そんな読者にも、本書は非常にわかりやすかった。
モチーフから作品を分析する研究は、これまでにもたくさんある。
実はいくつかそういったものも読んだことがあるが、なんかしっくりしないものもあった。
どういう方法論なのか、なぜそのモチーフを取り上げるのかがわからず、何となく恣意的な分析のようにも思えてしまったから。
本書では、モチーフを「ストーリー(物語の内容)に影響を与える「記号的意味」を持つもの」と規定する。
筆者の挙げる例では「いばら姫」(眠りの森の美女)の、「子どものいない王と王妃」「水浴び」「カエルの予言」などなど。
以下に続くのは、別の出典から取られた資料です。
(* For any set $X$, the free inverse monoid $\operatorname{FIM}(X)$, regarded as an $F$-inverse monoid, is given by the presentation $\operatorname{FInv}\langle X\mid \operatorname{red}(w)=w^{\mathfrak m},\ w\in(X\cup X^{-1})^*\rangle$.
   Context: $\operatorname{FIM}(X)$ is $F$-inverse, with $(w_{\operatorname{FIM}(X)})^{\mathfrak m}=\operatorname{red}(w)_{\operatorname{FIM}(X)}$, where $\operatorname{red}(w)$ is the freely reduced form of the word $w$ and $s^{\mathfrak m}$ denotes the greatest element of the $\sigma$-class of $s$ (the $F$-inverse monoid signature being $(\cdot,1,{}^{-1},{}^{\mathfrak m})$). $\operatorname{FInv}\langle X\mid R\rangle$ denotes the quotient of the free $F$-inverse monoid on $X$ by the congruence generated by the relation $R$ on terms $u_0v_1^{\mathfrak m}u_1\cdots v_n^{\mathfrak m}u_n$ ($u_i,v_i\in(X\cup X^{-1})^*$). The claim is that this presented $F$-inverse monoid is isomorphic to $\operatorname{FIM}(X)$ via the map sending each generator $x$ to $x$. *)

theory Defs
  imports Main
begin

record 'm fsig =
  fcar :: "'m set"
  fmul :: "'m \<Rightarrow> 'm \<Rightarrow> 'm"
  fone :: "'m"
  finv :: "'m \<Rightarrow> 'm"
  fmx  :: "'m \<Rightarrow> 'm"

definition inv_monoid :: "('m, 'z) fsig_scheme \<Rightarrow> bool" where
  "inv_monoid S \<longleftrightarrow>
     fone S \<in> fcar S \<and>
     (\<forall>a\<in>fcar S. \<forall>b\<in>fcar S. fmul S a b \<in> fcar S) \<and>
     (\<forall>a\<in>fcar S. \<forall>b\<in>fcar S. \<forall>c\<in>fcar S. fmul S (fmul S a b) c = fmul S a (fmul S b c)) \<and>
     (\<forall>a\<in>fcar S. fmul S (fone S) a = a \<and> fmul S a (fone S) = a) \<and>
     (\<forall>a\<in>fcar S. finv S a \<in> fcar S \<and>
        fmul S (fmul S a (finv S a)) a = a \<and> fmul S (fmul S (finv S a) a) (finv S a) = finv S a) \<and>
     (\<forall>a\<in>fcar S. \<forall>b\<in>fcar S. fmul S (fmul S a b) a = a \<and> fmul S (fmul S b a) b = b \<longrightarrow> b = finv S a)"

definition nle :: "('m, 'z) fsig_scheme \<Rightarrow> 'm \<Rightarrow> 'm \<Rightarrow> bool" where
  "nle S a b \<longleftrightarrow> (\<exists>e\<in>fcar S. fmul S e e = e \<and> a = fmul S e b)"

definition fsigma :: "('m, 'z) fsig_scheme \<Rightarrow> 'm \<Rightarrow> 'm \<Rightarrow> bool" where
  "fsigma S a b \<longleftrightarrow> (\<exists>c\<in>fcar S. nle S c a \<and> nle S c b)"

definition F_inverse :: "('m, 'z) fsig_scheme \<Rightarrow> bool" where
  "F_inverse S \<longleftrightarrow> inv_monoid S \<and>
     (\<forall>a\<in>fcar S. fmx S a \<in> fcar S \<and> fsigma S a (fmx S a) \<and>
        (\<forall>b\<in>fcar S. fsigma S a b \<longrightarrow> nle S b (fmx S a)))"

definition fhom :: "('m \<Rightarrow> 'n) \<Rightarrow> ('m, 'z) fsig_scheme \<Rightarrow> ('n, 'y) fsig_scheme \<Rightarrow> bool" where
  "fhom \<phi> S T \<longleftrightarrow>
     (\<forall>a\<in>fcar S. \<forall>b\<in>fcar S. \<phi> (fmul S a b) = fmul T (\<phi> a) (\<phi> b)) \<and>
     \<phi> (fone S) = fone T \<and>
     (\<forall>a\<in>fcar S. \<phi> (finv S a) = finv T (\<phi> a)) \<and>
     (\<forall>a\<in>fcar S. \<phi> (fmx S a) = fmx T (\<phi> a))"

section \<open>Words over X \<union> X^{-1}; (x,True) is x, (x,False) is x^{-1}\<close>

type_synonym 'a word = "('a \<times> bool) list"

definition wds :: "'a set \<Rightarrow> 'a word set" where
  "wds X = {w. fst ` set w \<subseteq> X}"

definition winv :: "'a word \<Rightarrow> 'a word" where
  "winv w = rev (map (\<lambda>(x, b). (x, \<not> b)) w)"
「カエル」は「多産」、「水」は羊水のイメージからも女性性という「記号的意味」を持ち、これが「いばら姫」の誕生というストーリーにつながっていく。
何をモチーフと認定するかには「ストーリー」への影響力の他、ジャンル、文化、それからその作品の固有性も考慮する必要があるとも述べている。
もちろん、それでも恣意性が排除できるわけではないだろうが、自分としては大分納得できた。
個別の作品の解釈については、作品を読んでいないので何とも判断できない。
でも、キャラクターたちが何に動かされているのか、生や死にどう向き合うかといったことがそれぞれ浮かび上がってきて、それはそれで面白く読めた。